Sleep Supplementation Protocol (Optional, after behavioral changes)

Andrew Huberman
  1. Consider taking 300-400 milligrams of magnesium threonate about 30-60 minutes before sleep.
  2. Consider taking 100-200 milligrams of L-theanine about 30-60 minutes before sleep.
  3. Consider taking 50 milligrams of apigenin (a chamomile derivative) about 30-60 minutes before sleep. (Note: Apigenin is a potent estrogen inhibitor; women and men should consider this carefully and consult a doctor).
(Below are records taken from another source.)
lemma span_over_mult:
  assumes S: "subring S" and "finite A" "finite B"
    and "u \<in> span_over S A" "v \<in> span_over S B"
  shows "u * v \<in> span_over S ((\<lambda>(a, b). a * b) ` (A \<times> B))"
proof -
  define G where "G = (\<lambda>(a, b). a * b) ` (A \<times> B)"
  have G: "finite G" unfolding G_def using assms(2,3) by simp
  obtain c d where c: "\<And>a. a \<in> A \<Longrightarrow> c a \<in> S" "u = (\<Sum>a\<in>A. c a * a)"
    and d: "\<And>b. b \<in> B \<Longrightarrow> d b \<in> S" "v = (\<Sum>b\<in>B. d b * b)"
    using assms(4,5) by (elim span_overE) blast
  have "u * v = (\<Sum>a\<in>A. \<Sum>b\<in>B. (c a * d b) * (a * b))"
    unfolding c(2) d(2) sum_product by (simp add: algebra_simps)
  also have "\<dots> \<in> span_over S G"
  proof (rule span_over_sum[OF S], rule span_over_sum[OF S])
    fix a b assume "a \<in> A" "b \<in> B"
    then have "a * b \<in> G" "c a * d b \<in> S"
      using c d by (auto simp: G_def intro: subring_mult[OF S])
    then have "a * b \<in> span_over S G" "c a * d b \<in> S"
      by (simp_all add: span_over_generator[OF S G])
    then show "(c a * d b) * (a * b) \<in> span_over S G" by (rule span_over_scale[OF S])
  qed
  finally show ?thesis unfolding G_def .
qed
  4. Titrate dosages and combinations as needed, as individual responses vary, and some combinations can lead to excessive sleepiness or vivid dreams. Always consult a healthcare professional before starting any new supplement.
50 times less effective
Effectiveness of viewing sunlight through a window Compared to viewing sunlight directly outside without sunglasses for setting the circadian clock.
10,000 to 50,000 lux
Lux from outside light (cloudy day) Amount of light energy from outside, even with dense cloud cover, sufficient to set the circadian clock.
500 or 1,000 lux
Lux from artificial indoor lights Typical amount of light energy from artificial indoor lights, much lower than outdoor light.
12 to 14 hours
Time from morning cortisol pulse to melatonin release The approximate time after the morning cortisol pulse when melatonin will be released from the pineal gland.
15% to 400 times more
Range of actual melatonin content in supplements The range of actual melatonin content in commercially available supplements compared to what is listed on the bottle, indicating unregulated dosages.
11 p.m. and 4 a.m.
Critical period for avoiding bright light exposure The approximate time window during which bright light exposure to the eyes is most detrimental, suppressing dopamine and inhibiting learning.
2 to 10 minutes
Duration for morning sunlight exposure Recommended duration of morning sunlight exposure for most people to set their circadian clock.
300 to 400 milligrams
Magnesium threonate dosage for sleep Recommended dosage of magnesium threonate to aid sleep, taken 30-60 minutes before sleep.
100 to 200 milligrams
L-theanine dosage for sleep Recommended dosage of L-theanine to aid sleep, taken 30-60 minutes before sleep.
50 milligrams
Apigenin dosage for sleep Recommended dosage of apigenin (a chamomile derivative) to aid sleep, taken 30-60 minutes before sleep. Note: Apigenin is a potent estrogen inhibitor.